Posted to Far East Maritime (by on November 13, 2013

As if billion-dollar losses and the threat of being delisted from the Shanghai exchange weren’t enough for China’s flagship carrier, along comes Five-Oh again.

Don’t leave town, police told an executive director at China Cosco Holdings last week. Okay, they probably never said that, but it doesn’t change the fact that Xu Minjie is under investigation in what is widely believed to be part of Beijing’s crackdown on widespread corruption.

In a statement issued to mainland media, China Cosco said Xu was under investigation by the “relevant departments” and that the investigation would not have any effect on the group business. I guess business is so bad anyway that even if the entire board of directors was taken away it could hardly make it any worse.

The arrest of senior executives at China Cosco is nothing new. In July, former general-manager of the carrier’s Dalian branch Meng Qinglin was arrested for corruption, and in 2011, former vice-general manager of Cosco's Qingdao branch, Song Jun, was arrested under corruption charges. Naughty fellows.

It was also reported by China media that the former high flier and chairman of China Cosco, Capt Wei Jiafu, has been ordered not to leave the country while the investigation continues. Naturally, that was swiftly denied but if true, it is a stunning development.

Wei was one of China’s most powerful business figures and commandeered huge respect in the shipping industry as head of the country’s flagship carrier. But the collapse of the bulk and container markets combined with over capacity and a wildly optimistic orderbook saw the losses start to roll in. Shareholders began to revolt and in July, Wei was removed from his post.
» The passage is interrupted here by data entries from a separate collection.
definition density :: "'q set \<Rightarrow> 'q qop \<Rightarrow> bool" where
  "density Q \<rho> \<longleftrightarrow>
     (\<forall>a b. a \<notin> basis Q \<or> b \<notin> basis Q \<longrightarrow> \<rho> a b = 0) \<and>
     (\<forall>a b. \<rho> b a = cnj (\<rho> a b)) \<and>
     (\<forall>v. 0 \<le> Re (\<Sum>a\<in>basis Q. \<Sum>b\<in>basis Q. cnj (v a) * \<rho> a b * v b)) \<and>
     trace Q \<rho> = 1"

(* n copies of a state on Q; qubit q of copy c carries label (c,q) *)
definition copies :: "nat \<Rightarrow> 'q set \<Rightarrow> 'q qop \<Rightarrow> (nat \<times> 'q) qop" where
  "copies n Q \<rho> a b =
     (if a \<in> basis ({..<n} \<times> Q) \<and> b \<in> basis ({..<n} \<times> Q)
      then (\<Prod>c<n. \<rho> (\<lambda>q. a (c, q)) (\<lambda>q. b (c, q))) else 0)"

(* product Kraus operator: party p applies an arbitrary linear map from its
   input qubits In p to its output qubits Out p (covers local ancillas,
   local measurements/postselection and discarding qubits) *)
definition kraus_prod ::
  "'p set \<Rightarrow> ('p \<Rightarrow> 'q set) \<Rightarrow> ('p \<Rightarrow> 'r set) \<Rightarrow>
   ('p \<Rightarrow> ('r \<Rightarrow> bool) \<Rightarrow> ('q \<Rightarrow> bool) \<Rightarrow> complex) \<Rightarrow>
   ('r \<Rightarrow> bool) \<Rightarrow> ('q \<Rightarrow> bool) \<Rightarrow> complex" where
  "kraus_prod P In Out A b a = (\<Prod>p\<in>P. A p (restr b (Out p)) (restr a (In p)))"

definition slocc_apply ::
  "'p set \<Rightarrow> ('p \<Rightarrow> 'q set) \<Rightarrow> ('p \<Rightarrow> 'r set) \<Rightarrow>
   (nat \<Rightarrow> 'p \<Rightarrow> ('r \<Rightarrow> bool) \<Rightarrow> ('q \<Rightarrow> bool) \<Rightarrow> complex) \<Rightarrow> nat \<Rightarrow>
   'q qop \<Rightarrow> 'r qop" where
  "slocc_apply P In Out K m \<rho> b b' =
     (\<Sum>k<m. \<Sum>a\<in>basis (\<Union>(In ` P)). \<Sum>a'\<in>basis (\<Union>(In ` P)).
        kraus_prod P In Out (K k) b a * \<rho> a a' * cnj (kraus_prod P In Out (K k) b' a'))"

(* SLOCC conversion (perfect, i.e. exact, with nonzero success probability):
   parties P, party p holds input qubits In p and output qubits Out p *)
definition slocc_converts ::
  "'p set \<Rightarrow> ('p \<Rightarrow> 'q set) \<Rightarrow> ('p \<Rightarrow> 'r set) \<Rightarrow> 'q qop \<Rightarrow> 'r qop \<Rightarrow> bool" where
  "slocc_converts P In Out \<rho> \<sigma> \<longleftrightarrow>
     finite P \<and> (\<forall>p\<in>P. finite (In p) \<and> finite (Out p)) \<and>
     (\<forall>p\<in>P. \<forall>p'\<in>P. p \<noteq> p' \<longrightarrow> In p \<inter> In p' = {} \<and> Out p \<inter> Out p' = {}) \<and>
     (\<exists>m K. trace (\<Union>(Out ` P)) (slocc_apply P In Out K m \<rho>) \<noteq> 0 \<and>
        (\<forall>b b'. \<sigma> b b' =
           (if b \<in> basis (\<Union>(Out ` P)) \<and> b' \<in> basis (\<Union>(Out ` P))
            then slocc_apply P In Out K m \<rho> b b' / trace (\<Union>(Out ` P)) (slocc_apply P In Out K m \<rho>)
            else 0)))"

definition fidelity :: "'q set \<Rightarrow> (('q \<Rightarrow> bool) \<Rightarrow> complex) \<Rightarrow> 'q qop \<Rightarrow> real" where
  "fidelity Q \<psi> \<sigma> = Re (\<Sum>a\<in>basis Q. \<Sum>b\<in>basis Q. cnj (\<psi> a) * \<sigma> a b * \<psi> b)"
lemma gain_sum_nonneg:
  assumes inf: "infinite (UNIV :: 'j set)" and B: "B > 0" and F: "finite F"
    and par: "parity_ok X (sum m F)" and c: "coord_cond X l B"
  shows "(\<Sum>i\<in>F. gain B (l (i :: 'j)) (m i)) \<ge> 0"
proof -
  consider "X = A1" | "X \<in> {B1, D1, C2}" | "X \<in> {C1, B2, BC2}" by (cases X) auto
  then show ?thesis
  proof cases
    case 1
    then show ?thesis using c par by (intro gain_sum_nonneg_differences[OF B F])
        (auto simp: coord_cond_def parity_ok_def)
  next
    case 2
    then have pairs: "\<And>j k. j \<noteq> k \<Longrightarrow> \<bar>l j\<bar> + \<bar>l k\<bar> \<le> B" using c by (auto simp: coord_cond_def)
    show ?thesis using 2 par single_bound_from_pairs[OF inf pairs]
      by (intro gain_sum_nonneg_pairs[OF B F _ pairs]) (auto simp: parity_ok_def)
  next
    case 3
    then show ?thesis using c by (intro gain_sum_nonneg_box[OF B]) (auto simp: coord_cond_def)
  qed
qed

lemma d_minimal_if_coord_cond:
  assumes inf: "infinite (UNIV :: 'j set)" and lin: "linear_functional lam" and pos: "lam cc > 0"
    and c: "coord_cond X (\<lambda>j. lam (Ej j)) (trans_unit X * lam cc)"
  shows "d_minimal X (lam :: 'j tg \<Rightarrow> real)"
  unfolding d_minimal_def
proof
  fix mu assume "mu \<in> orbit X lam"
  then obtain \<sigma> e m F where "normal_form X lam mu \<sigma> e m F" using orbit_normal_form[OF lin pos] by blast
  then have F: "finite F" and par: "parity_ok X (sum m F)"
    and mu_dd: "mu dd = lam dd + kappa X / (2 * lam cc)
                 * (\<Sum>i\<in>F. gain (trans_unit X * lam cc) (lam (Ej i)) (m i))"
    unfolding normal_form_def by auto
  have "trans_unit X * lam cc > 0" using pos by (simp add: trans_unit_def)
  then have "(\<Sum>i\<in>F. gain (trans_unit X * lam cc) (lam (Ej i)) (m i)) \<ge> 0"
    using gain_sum_nonneg[OF inf _ F par c] by simp
  moreover have "kappa X / (2 * lam cc) \<ge> 0" using kappa_pos[of X] pos by simp
  ultimately have "kappa X / (2 * lam cc)
                     * (\<Sum>i\<in>F. gain (trans_unit X * lam cc) (lam (Ej i)) (m i)) \<ge> 0"
    by (rule mult_nonneg_nonneg[rotated])
  then show "lam dd \<le> mu dd" unfolding mu_dd by linarith
qed

subsection \<open>Necessity\<close>

text \<open>Reflecting in a root (a, n) changes the d-value by -lam(coroot) n, so for a d-minimal lam
  this product is never positive.\<close>
lemma d_minimal_coroot:
  assumes "d_minimal X lam" "(a, n) \<in> roots X"
  shows "lam (coroot X (a, n)) * of_int n \<le> 0"
proof -
  have "refl X (a, n) lam \<in> orbit X lam" using assms(2) by (intro orbit.step orbit.base)
  then show ?thesis using assms(1) refl_dd[of X a n lam] unfolding d_minimal_def by force
qed
(* Let $\alpha$ be a composition and $n\ge1$. If $\alpha<_c\beta$ and $\beta/\!\!/\alpha$ is an nc border strip with $n$ boxes, then there exists $w\in CRHW_n$ with $w(\alpha)=\beta$.
   Context: A composition is a finite sequence $\alpha=(\alpha_1,\dots,\alpha_k)$ of positive integers; $\ell(\alpha)=k$. Its diagram is the set of boxes $(i,j)$, $1\le i\le\ell(\alpha)$, $1\le j\le\alpha_i$, rows numbered top to bottom, columns left to right. For compositions $\gamma=(\gamma_1,\dots,\gamma_l)$, $\delta$ write $\gamma\lessdot_c\delta$ if $\delta=(1,\gamma_1,\dots,\gamma_l)$ or $\delta=(\gamma_1,\dots,\gamma_k+1,\dots,\gamma_l)$ for some $k$ with $\gamma_i\neq\gamma_k$ for all $i<k$; $<_c$ is the transitive closure. For $\gamma<_c\delta$, $\delta/\!\!/\gamma$ is the set of boxes of $\delta$ not in the inner shape, the inner shape being the boxes $(\ell(\delta)-\ell(\gamma)+i,j)$, $1\le i\le\ell(\gamma)$, $1\le j\le\gamma_i$. $\mathrm{supp}(\beta/\!\!/\alpha)$ is the set of columns containing a box of $\beta/\!\!/\alpha$; $\beta/\!\!/\alpha$ is an interval shape if this set is a set of consecutive integers. An interval shape is an nc border strip if (1) whenever $(i,1),(i,2)\in\beta/\!\!/\alpha$, the box $(i,1)$ is the bottommost box of column 1 of $\beta/\!\!/\alpha$, and (2) whenever $(i,j),(i,j+1)\in\beta/\!\!/\alpha$ with $j\ge2$, the box $(i,j)$ is the topmost box of column $j$ of $\beta/\!\!/\alpha$. Box-adding operators: $\mathfrak t_1(\alpha)=(1,\alpha_1,\dots,\alpha_k)$; for $i\ge2$, $\mathfrak t_i(\alpha)$ increases the leftmost part of $\alpha$ equal to $i-1$ by $1$, and is $0$ if there is no such part; $\mathfrak t_i(0)=0$. A word $w=\mathfrak t_{i_1}\cdots\mathfrak t_{i_n}$ acts by $w(\alpha)=\mathfrak t_{i_1}(\cdots\mathfrak t_{i_n}(\alpha))$. It is a reverse hookword if $i_1\le\cdots\le i_{k+1}>i_{k+2}>\cdots>i_n$ for some $0\le k\le n-1$, connected if $\{i_1,\dots,i_n\}$ is a set of consecutive integers; $CRHW_n$ is the set of connected reverse hookwords of length $n$. *)

theory Defs
  imports Main
begin
(* Let $\theta$ be an inner function and let $g\in H^2$. Then for every $f\in H^\infty$, \[ \|P(\bar g\, V_\theta U f)\|=\|P^\perp(\bar{\theta}\, g\, f^* )\|, \] where $f^*(z)=\overline{f(\bar z)}$.
   Context: $L^2$ is the space of square-integrable functions on the unit circle $\mathbb{T}$, $H^2\subset L^2$ the Hardy space, $H^\infty$ the bounded analytic functions; $P$ and $P^\perp$ are the orthogonal projections of $L^2$ onto $H^2$ and onto $L^2\ominus H^2$. An inner function is an analytic $\theta$ on the unit disk with $|\theta|=1$ a.e. on $\mathbb{T}$. $U$ is the unitary operator on $L^2$ given by $(Uh)(z)=\bar z\, h(\bar z)$ for $z\in\mathbb{T}$, and $V_\theta$ is the operator $V_\theta h=P(\theta h)$ for $h\in L^2$. Norms are $L^2$ norms. *)

theory Defs
  imports "HOL-Complex_Analysis.Complex_Analysis"
begin

definition circle_measure :: "complex measure" where
  "circle_measure = scale_measure (ennreal (1 / (2 * pi)))
     (distr (restrict_space lborel {0..2*pi}) borel (\<lambda>t. cis t))"

definition L2 :: "(complex \<Rightarrow> complex) \<Rightarrow> bool" where
  "L2 h \<longleftrightarrow> h \<in> borel_measurable circle_measure \<and>
            integrable circle_measure (\<lambda>z. (cmod (h z))\<^sup>2)"

definition l2_norm :: "(complex \<Rightarrow> complex) \<Rightarrow> real" where
  "l2_norm h = sqrt (integral\<^sup>L circle_measure (\<lambda>z. (cmod (h z))\<^sup>2))"

definition fcoef :: "(complex \<Rightarrow> complex) \<Rightarrow> int \<Rightarrow> complex" where
  "fcoef h n = integral\<^sup>L circle_measure (\<lambda>z. h z * z powi (- n))"

definition H2 :: "(complex \<Rightarrow> complex) \<Rightarrow> bool" where
  "H2 h \<longleftrightarrow> L2 h \<and> (\<forall>n<0. fcoef h n = 0)"

definition radial_bv :: "(complex \<Rightarrow> complex) \<Rightarrow> (complex \<Rightarrow> complex) \<Rightarrow> bool" where
  "radial_bv F f \<longleftrightarrow>
     (AE z in circle_measure. ((\<lambda>r::real. F (of_real r * z)) \<longlongrightarrow> f z) (at_left 1))"

definition Hinf :: "(complex \<Rightarrow> complex) \<Rightarrow> bool" where
  "Hinf f \<longleftrightarrow> f \<in> borel_measurable circle_measure \<and>
     (\<exists>F. F holomorphic_on ball 0 1 \<and> bounded (F ` ball 0 1) \<and> radial_bv F f)"

definition inner_fun :: "(complex \<Rightarrow> complex) \<Rightarrow> bool" where
  "inner_fun \<theta> \<longleftrightarrow> Hinf \<theta> \<and> (AE z in circle_measure. cmod (\<theta> z) = 1)"

text \<open>The projection P onto H2 (Riesz projection): the L2 function whose Fourier coefficients
  are those of h for n \<ge> 0 and 0 for n < 0.  For h in L2 this is the orthogonal projection
  onto H2; it is also applied to integrable h, where it exists iff the truncated coefficient
  sequence is square summable.\<close>
definition P_exists :: "(complex \<Rightarrow> complex) \<Rightarrow> bool" where
  "P_exists h \<longleftrightarrow> (\<exists>p. L2 p \<and> (\<forall>n. fcoef p n = (if 0 \<le> n then fcoef h n else 0)))"

definition Pproj :: "(complex \<Rightarrow> complex) \<Rightarrow> (complex \<Rightarrow> complex)" where
  "Pproj h = (SOME p. L2 p \<and> (\<forall>n. fcoef p n = (if 0 \<le> n then fcoef h n else 0)))"
lemma injection_sum_insert_nontrivial:
  assumes "group G" "finite (carrier G)" "finite T" "t \<notin> T"
    and "character G (\<chi> t)" "\<not> trivial_character G (\<chi> t)"
  shows "injection_sum G (insert t T) \<chi>
       = - (\<Sum>s\<in>T. injection_sum G T (\<chi>(s := \<lambda>x. \<chi> s x * \<chi> t x)))"
proof -
  have merge: "(\<Prod>i\<in>T. \<chi> i (f i)) * \<chi> t (f s) = (\<Prod>i\<in>T. (\<chi>(s := \<lambda>x. \<chi> s x * \<chi> t x)) i (f i))"
    if "s \<in> T" for s f
  proof -
    have "(\<Prod>i\<in>T - {s}. (\<chi>(s := \<lambda>x. \<chi> s x * \<chi> t x)) i (f i)) = (\<Prod>i\<in>T - {s}. \<chi> i (f i))"
      by (intro prod.cong) auto
    then show ?thesis
      using prod.remove[OF assms(3) that, of "\<lambda>i. \<chi> i (f i)"]
        prod.remove[OF assms(3) that, of "\<lambda>i. (\<chi>(s := \<lambda>x. \<chi> s x * \<chi> t x)) i (f i)"]
      by simp
  qed
  have outside: "(\<Sum>g\<in>carrier G - f ` T. \<chi> t g) = - (\<Sum>s\<in>T. \<chi> t (f s))"
    if "f \<in> injections G T" for f
    using injectionsD[OF that]
    by (intro sum_nontrivial_character_outside_image) (use assms in auto)
  have "injection_sum G (insert t T) \<chi>
      = (\<Sum>f\<in>injections G T. (\<Prod>i\<in>T. \<chi> i (f i)) * - (\<Sum>s\<in>T. \<chi> t (f s)))"
    unfolding injection_sum_insert[OF assms(3,2,4)] by (intro sum.cong refl) (simp add: outside)
  also have "\<dots> = - (\<Sum>s\<in>T. \<Sum>f\<in>injections G T. (\<Prod>i\<in>T. \<chi> i (f i)) * \<chi> t (f s))"
    by (simp add: sum_distrib_left sum_negf sum.swap[of _ T])
  also have "\<dots> = - (\<Sum>s\<in>T. injection_sum G T (\<chi>(s := \<lambda>x. \<chi> s x * \<chi> t x)))"
    unfolding injection_sum_def by (simp add: merge)
  finally show ?thesis .
qed
(* For $\phi\in L^\infty$, the slant H-Toeplitz operator $V_\phi$ is compact if and only if $\phi=0$.
   Context: $L^2=L^2(\mathbb{T})$ with orthonormal basis $e_n(z)=z^n$, $n\in\mathbb{Z}$; $H^2$ is the closed span of $\{e_n\}_{n\ge0}$, $P:L^2\to H^2$ the orthogonal projection, $M_\phi$ multiplication by $\phi$. $W:L^2\to L^2$: $We_n=e_{n/2}$ for $n$ even, $0$ for $n$ odd. $K:H^2\to L^2$: $Ke_{2n}=e_n$, $Ke_{2n+1}=e_{-n-1}$ ($n\ge0$). The slant H-Toeplitz operator is $V_\phi=WPM_\phi K:H^2\to H^2$. *)

theory Defs
  imports "HOL-Analysis.Analysis"
begin

text \<open>The circle T is parametrised by t in [0, 2 pi] (z = exp(i t)), with normalised
Lebesgue measure. L^2(T) is identified with square-summable Fourier coefficient
sequences int => complex via the orthonormal basis e_n (Parseval); H^2 consists of
those sequences vanishing at negative indices.\<close>

definition Linf :: "(real \<Rightarrow> complex) set" where
  "Linf = {\<phi>. \<phi> \<in> borel_measurable (lebesgue_on {0..2*pi}) \<and>
              (\<exists>C. AE t in lebesgue_on {0..2*pi}. norm (\<phi> t) \<le> C)}"

definition fourier_coeff :: "(real \<Rightarrow> complex) \<Rightarrow> int \<Rightarrow> complex" where
  "fourier_coeff \<phi> n = (1 / (2 * pi)) *
     integral\<^sup>L (lebesgue_on {0..2*pi}) (\<lambda>t. \<phi> t * exp (- (\<i> * of_int n * of_real t)))"

definition ell2 :: "(int \<Rightarrow> complex) set" where
  "ell2 = {c. (\<lambda>m. (norm (c m))^2) summable_on UNIV}"

definition H2 :: "(int \<Rightarrow> complex) set" where
  "H2 = {c \<in> ell2. \<forall>m<0. c m = 0}"

definition l2norm :: "(int \<Rightarrow> complex) \<Rightarrow> real" where
  "l2norm c = sqrt (infsum (\<lambda>m. (norm (c m))^2) UNIV)"

definition Mult :: "(real \<Rightarrow> complex) \<Rightarrow> (int \<Rightarrow> complex) \<Rightarrow> (int \<Rightarrow> complex)" where
  "Mult \<phi> c = (\<lambda>m. infsum (\<lambda>j. fourier_coeff \<phi> (m - j) * c j) UNIV)"

definition Proj :: "(int \<Rightarrow> complex) \<Rightarrow> (int \<Rightarrow> complex)" where
  "Proj c = (\<lambda>m. if m \<ge> 0 then c m else 0)"

text \<open>W e_n = e_(n/2) for n even, 0 for n odd.\<close>
definition Wop :: "(int \<Rightarrow> complex) \<Rightarrow> (int \<Rightarrow> complex)" where
  "Wop c = (\<lambda>m. c (2 * m))"

text \<open>K e_(2n) = e_n, K e_(2n+1) = e_(-n-1) for n >= 0.\<close>
definition Kop :: "(int \<Rightarrow> complex) \<Rightarrow> (int \<Rightarrow> complex)" where
  "Kop c = (\<lambda>m. if m \<ge> 0 then c (2 * m) else c (- 2 * m - 1))"

definition slant_HT :: "(real \<Rightarrow> complex) \<Rightarrow> (int \<Rightarrow> complex) \<Rightarrow> (int \<Rightarrow> complex)" where
  "slant_HT \<phi> = Wop \<circ> Proj \<circ> Mult \<phi> \<circ> Kop"

definition compact_on_H2 :: "((int \<Rightarrow> complex) \<Rightarrow> (int \<Rightarrow> complex)) \<Rightarrow> bool" where
  "compact_on_H2 T = (\<forall>(f :: nat \<Rightarrow> int \<Rightarrow> complex) (B::real). (\<forall>k. f k \<in> H2 \<and> l2norm (f k) \<le> B) \<longrightarrow>
      (\<exists>r g. strict_mono r \<and> g \<in> ell2 \<and>
             (\<lambda>k. l2norm (\<lambda>m. T (f (r k)) m - g m)) \<longlonglongrightarrow> 0))"
lemma homogeneous_eq_dynkin_plus_power:
  fixes z a :: "('a::field_char_0, 'b::finite) ser"
  assumes z: "homog_lie d z" "1 \<le> d" "powers_span_centralizer d z"
    and a: "homogeneous m a" "1 \<le> m" and b: "homog_lie (m + d) (ser_bracket z a)"
  shows "\<exists>c. \<forall>w. a w = dynkin m a w / of_nat m + (if d dvd m then c * ser_pow z (m div d) w else 0)"
proof -
  have "of_nat m * ser_bracket z a w = ser_bracket z (dynkin m a) w" for w
  proof -
    have "of_nat (m + d) * ser_bracket z a w = ser_bracket z (dynkin m a) w - of_nat d * ad_action m a z w"
      using fun_cong[OF dynkin_homog_lie[OF b], of w] fun_cong[OF dynkin_bracket[OF z(1,2) a], of w]
      by simp
    then show ?thesis
      using ad_action_eq_neg_bracket[OF z a b] by (simp add: algebra_simps)
  qed
  then have "ser_bracket z (\<lambda>w. of_nat m * a w - dynkin m a w) = (\<lambda>w. 0)"
    by (simp add: ser_bracket_diff_right ser_bracket_smul_right)
  moreover have "homogeneous m (\<lambda>w. of_nat m * a w - dynkin m a w)"
    using a(1) homog_lie_homogeneous[OF homog_lie_dynkin, of m a] by (simp add: homogeneous_def)
  ultimately obtain c where
    c: "\<forall>w. of_nat m * a w - dynkin m a w = (if d dvd m then c * ser_pow z (m div d) w else 0)"
    using z(3) unfolding powers_span_centralizer_def ser_bracket_eq_zero_iff_commute by blast
  have "a w = dynkin m a w / of_nat m + (if d dvd m then c / of_nat m * ser_pow z (m div d) w else 0)" for w
    using c[rule_format, of w] a(2) by (auto simp: field_simps)
  then show ?thesis
    by blast
qed

lemma power_series_coeff:
  fixes z :: "('a::comm_ring_1, 'b) ser"
  assumes hz: "homogeneous d z" and "1 \<le> d"
  shows "(\<Sum>k\<le>length w. c k * ser_pow z k w) =
    (if d dvd length w then c (length w div d) * ser_pow z (length w div d) w else 0)"
proof -
  have summand: "c k * ser_pow z k w =
      (if d dvd length w \<and> k = length w div d then c k * ser_pow z k w else 0)" for k
  proof (cases "length w = k * d")
    case True
    then show ?thesis
      using \<open>1 \<le> d\<close> by simp
  next
    case False
    then have "ser_pow z k w = 0"
      using homogeneous_ser_pow[OF hz, of k] by (simp add: homogeneous_def)
    then show ?thesis
      using False \<open>1 \<le> d\<close> by (auto elim!: dvdE simp: mult.commute)
  qed
  have "(\<Sum>k\<le>length w. c k * ser_pow z k w) =
      (\<Sum>k\<le>length w. if d dvd length w \<and> k = length w div d then c k * ser_pow z k w else 0)"
    by (intro sum.cong refl summand)
  then show ?thesis
    by (cases "d dvd length w") (simp_all add: sum.delta div_le_dividend)
qed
The last two years have seen China Cosco posting impressive losses and for the first nine months of this year the carrier was US$330 million in the red. A third year of losses will get the line delisted from the Shanghai Stock Exchange, but that is unlikely to happen. China Cosco is selling off bits and pieces to its parent company to offset the continuing losses in its shipping business, so it may be able to at least break even this year.

It is probably a good time for Beijing to sit down and work out how to merge Cosco and China Shipping. With their tentacles stretching into multiple companies in different business sectors it will be a complete nightmare, but the alternative is a badly managed shipping line that carries heaps of losses instead of tonnes of cargo.